Supplied records:
════════

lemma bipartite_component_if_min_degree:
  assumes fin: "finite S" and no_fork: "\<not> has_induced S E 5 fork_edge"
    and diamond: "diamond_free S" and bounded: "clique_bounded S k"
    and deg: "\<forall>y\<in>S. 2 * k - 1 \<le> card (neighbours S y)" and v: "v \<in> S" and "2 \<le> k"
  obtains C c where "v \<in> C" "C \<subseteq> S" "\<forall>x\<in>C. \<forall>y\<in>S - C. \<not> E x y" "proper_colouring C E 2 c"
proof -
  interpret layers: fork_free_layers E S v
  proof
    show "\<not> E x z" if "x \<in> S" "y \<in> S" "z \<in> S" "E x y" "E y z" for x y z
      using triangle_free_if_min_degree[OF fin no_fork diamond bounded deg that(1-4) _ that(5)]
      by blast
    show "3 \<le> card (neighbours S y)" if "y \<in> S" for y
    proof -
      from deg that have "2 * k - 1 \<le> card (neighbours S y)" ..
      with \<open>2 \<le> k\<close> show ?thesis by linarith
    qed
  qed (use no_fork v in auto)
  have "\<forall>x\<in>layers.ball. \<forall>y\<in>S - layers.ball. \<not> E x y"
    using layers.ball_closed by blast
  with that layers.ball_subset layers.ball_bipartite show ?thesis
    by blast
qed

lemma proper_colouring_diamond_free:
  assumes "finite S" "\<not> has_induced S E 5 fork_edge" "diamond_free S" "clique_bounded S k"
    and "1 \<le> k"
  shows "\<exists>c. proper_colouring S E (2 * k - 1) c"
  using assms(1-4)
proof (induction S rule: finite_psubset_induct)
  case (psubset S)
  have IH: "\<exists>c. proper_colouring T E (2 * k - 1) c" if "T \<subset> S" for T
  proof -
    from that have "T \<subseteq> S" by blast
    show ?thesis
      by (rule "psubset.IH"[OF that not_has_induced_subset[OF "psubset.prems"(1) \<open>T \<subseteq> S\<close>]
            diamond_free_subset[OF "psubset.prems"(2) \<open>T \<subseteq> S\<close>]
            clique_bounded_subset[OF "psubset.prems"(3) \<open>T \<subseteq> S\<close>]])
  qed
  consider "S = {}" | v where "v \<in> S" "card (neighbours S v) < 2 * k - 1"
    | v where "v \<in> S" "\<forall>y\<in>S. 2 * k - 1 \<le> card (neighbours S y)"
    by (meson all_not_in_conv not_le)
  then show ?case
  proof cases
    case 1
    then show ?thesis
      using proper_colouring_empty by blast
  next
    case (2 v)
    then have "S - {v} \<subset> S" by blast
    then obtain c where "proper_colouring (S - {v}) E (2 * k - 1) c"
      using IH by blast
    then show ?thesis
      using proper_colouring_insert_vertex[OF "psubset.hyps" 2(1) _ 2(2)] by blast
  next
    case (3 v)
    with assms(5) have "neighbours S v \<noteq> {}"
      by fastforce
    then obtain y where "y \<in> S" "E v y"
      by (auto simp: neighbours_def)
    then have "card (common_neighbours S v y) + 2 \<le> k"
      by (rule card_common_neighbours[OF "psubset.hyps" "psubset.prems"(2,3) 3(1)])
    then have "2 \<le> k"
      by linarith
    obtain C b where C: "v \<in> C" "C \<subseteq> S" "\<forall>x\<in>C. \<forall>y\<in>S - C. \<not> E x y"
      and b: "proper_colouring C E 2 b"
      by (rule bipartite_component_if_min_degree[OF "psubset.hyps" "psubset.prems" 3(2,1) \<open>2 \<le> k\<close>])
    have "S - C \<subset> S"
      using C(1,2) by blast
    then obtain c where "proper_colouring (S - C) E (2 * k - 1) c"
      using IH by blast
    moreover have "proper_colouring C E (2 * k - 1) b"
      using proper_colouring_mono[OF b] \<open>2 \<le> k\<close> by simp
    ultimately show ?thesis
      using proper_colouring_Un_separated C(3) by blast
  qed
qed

════════

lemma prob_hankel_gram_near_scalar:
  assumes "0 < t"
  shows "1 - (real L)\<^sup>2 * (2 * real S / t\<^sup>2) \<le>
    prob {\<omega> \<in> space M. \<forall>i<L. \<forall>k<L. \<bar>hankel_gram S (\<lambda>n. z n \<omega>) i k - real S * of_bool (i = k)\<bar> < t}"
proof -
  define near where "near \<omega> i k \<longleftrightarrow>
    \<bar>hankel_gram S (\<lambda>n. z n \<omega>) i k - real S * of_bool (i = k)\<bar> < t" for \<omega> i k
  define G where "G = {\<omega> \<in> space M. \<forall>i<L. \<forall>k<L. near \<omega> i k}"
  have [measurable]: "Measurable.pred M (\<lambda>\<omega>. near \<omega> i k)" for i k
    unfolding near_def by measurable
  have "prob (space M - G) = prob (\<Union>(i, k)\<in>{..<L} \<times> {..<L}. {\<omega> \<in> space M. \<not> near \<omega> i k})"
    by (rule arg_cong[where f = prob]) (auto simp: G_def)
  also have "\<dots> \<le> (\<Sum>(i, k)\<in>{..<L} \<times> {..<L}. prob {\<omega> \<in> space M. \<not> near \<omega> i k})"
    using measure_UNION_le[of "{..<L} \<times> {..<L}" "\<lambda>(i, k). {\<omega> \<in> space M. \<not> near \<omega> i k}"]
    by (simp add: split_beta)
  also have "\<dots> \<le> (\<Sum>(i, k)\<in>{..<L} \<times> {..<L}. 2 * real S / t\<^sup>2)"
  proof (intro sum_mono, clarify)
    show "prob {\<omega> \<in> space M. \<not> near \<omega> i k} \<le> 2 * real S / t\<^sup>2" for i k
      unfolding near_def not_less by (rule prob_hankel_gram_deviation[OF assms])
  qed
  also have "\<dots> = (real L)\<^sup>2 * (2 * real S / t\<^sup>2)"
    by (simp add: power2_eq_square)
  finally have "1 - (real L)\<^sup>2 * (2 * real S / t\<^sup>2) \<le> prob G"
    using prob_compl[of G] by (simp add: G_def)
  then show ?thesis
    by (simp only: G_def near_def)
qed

════════

Exercise instructions:
Out of the material above, select every line that holds the string "define".

Response:
  define near where "near \<omega> i k \<longleftrightarrow>
  define G where "G = {\<omega> \<in> space M. \<forall>i<L. \<forall>k<L. near \<omega> i k}"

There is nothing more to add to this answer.